*Extracted entries*.

(* Let $\mathcal{K}^\star_{loc}$, $\{k\}$ and $\mathcal{K}_{g,user}$ be pairwise disjoint finite sets of keyframes, with weighted undirected edges (weights $w_e\geq1$) among $\mathcal{K}^\star_{loc}\cup\{k\}$ and between $\mathcal{K}^\star_{loc}\cup\{k\}$ and $\mathcal{K}_{g,user}$, such that the graph on $\mathcal{K}^\star_{loc}\cup\{k\}$ is connected, and let $\mathcal{I}$ be a symmetric positive definite $6\times6$ matrix with $\det\mathcal{I}\geq1$. For $F\subseteq\mathcal{K}_{g,user}$ define $$g(F)=\log\det\big(\tilde{\mathcal{I}}_{loc}(\mathcal{K}^\star_{loc}\cup\{k\},F)\big).$$ Then $g$ is non-negative, monotone nondecreasing, and submodular on $2^{\mathcal{K}_{g,user}}$; in particular the problem $\max_{F\subseteq\mathcal{K}_{g,user},|F|\leq l_f}g(F)$ is the maximization of a non-negative monotone submodular function under a cardinality constraint.
   Context: For disjoint keyframe sets $\mathcal{K}_{loc}=\{r_1,\dots,r_L\}$ (ordered) and $\mathcal{K}_{fixed}$, $\tilde{\mathcal{I}}_{loc}(\mathcal{K}_{loc},\mathcal{K}_{fixed})=\tilde{\mathbf{L}}_{loc}\otimes\mathcal{I}$, where $\mathbf{L}_{loc}$ is the $L\times L$ matrix with $[\mathbf{L}_{loc}]_{i,j}=-\sum_{e\text{ between }r_i,r_j}w_e$ for $i\neq j$ and $[\mathbf{L}_{loc}]_{i,i}=\sum w_e$ over all edges joining $r_i$ to another node of $\mathcal{K}_{loc}\cup\mathcal{K}_{fixed}$, and $\tilde{\mathbf{L}}_{loc}$ is $\mathbf{L}_{loc}$ with its first row and column deleted; $\otimes$ is the Kronecker product. A set function $g$ is submodular if $g(L)+g(S)\geq g(L\cup S)+g(L\cap S)$ for all subsets $L,S$. *)

theory Defs
  imports "Jordan_Normal_Form.Determinant"
begin

definition kron :: "real mat \<Rightarrow> real mat \<Rightarrow> real mat" where
  "kron A B = mat (dim_row A * dim_row B) (dim_col A * dim_col B)
     (\<lambda>(i,j). A $$ (i div dim_row B, j div dim_col B) * B $$ (i mod dim_row B, j mod dim_col B))"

*Task brief*. Retype the records above so that nothing differs from the original.

*Answer for the task*.
(* Let $\mathcal{K}^\star_{loc}$, $\{k\}$ and $\mathcal{K}_{g,user}$ be pairwise disjoint finite sets of keyframes, with weighted undirected edges (weights $w_e\geq1$) among $\mathcal{K}^\star_{loc}\cup\{k\}$ and between $\mathcal{K}^\star_{loc}\cup\{k\}$ and $\mathcal{K}_{g,user}$, such that the graph on $\mathcal{K}^\star_{loc}\cup\{k\}$ is connected, and let $\mathcal{I}$ be a symmetric positive definite $6\times6$ matrix with $\det\mathcal{I}\geq1$. For $F\subseteq\mathcal{K}_{g,user}$ define $$g(F)=\log\det\big(\tilde{\mathcal{I}}_{loc}(\mathcal{K}^\star_{loc}\cup\{k\},F)\big).$$ Then $g$ is non-negative, monotone nondecreasing, and submodular on $2^{\mathcal{K}_{g,user}}$; in particular the problem $\max_{F\subseteq\mathcal{K}_{g,user},|F|\leq l_f}g(F)$ is the maximization of a non-negative monotone submodular function under a cardinality constraint.
   Context: For disjoint keyframe sets $\mathcal{K}_{loc}=\{r_1,\dots,r_L\}$ (ordered) and $\mathcal{K}_{fixed}$, $\tilde{\mathcal{I}}_{loc}(\mathcal{K}_{loc},\mathcal{K}_{fixed})=\tilde{\mathbf{L}}_{loc}\otimes\mathcal{I}$, where $\mathbf{L}_{loc}$ is the $L\times L$ matrix with $[\mathbf{L}_{loc}]_{i,j}=-\sum_{e\text{ between }r_i,r_j}w_e$ for $i\neq j$ and $[\mathbf{L}_{loc}]_{i,i}=\sum w_e$ over all edges joining $r_i$ to another node of $\mathcal{K}_{loc}\cup\mathcal{K}_{fixed}$, and $\tilde{\mathbf{L}}_{loc}$ is $\mathbf{L}_{loc}$ with its first row and column deleted; $\otimes$ is the Kronecker product. A set function $g$ is submodular if $g(L)+g(S)\geq g(L\cup S)+g(L\cap S)$ for all subsets $L,S$. *)

theory Defs
  imports "Jordan_Normal_Form.Determinant"
begin

definition kron :: "real mat \<Rightarrow> real mat \<Rightarrow> real mat" where
  "kron A B = mat (dim_row A * dim_row B) (dim_col A * dim_col B)
     (\<lambda>(i,j). A $$ (i div dim_row B, j div dim_col B) * B $$ (i mod dim_row B, j mod dim_col B))"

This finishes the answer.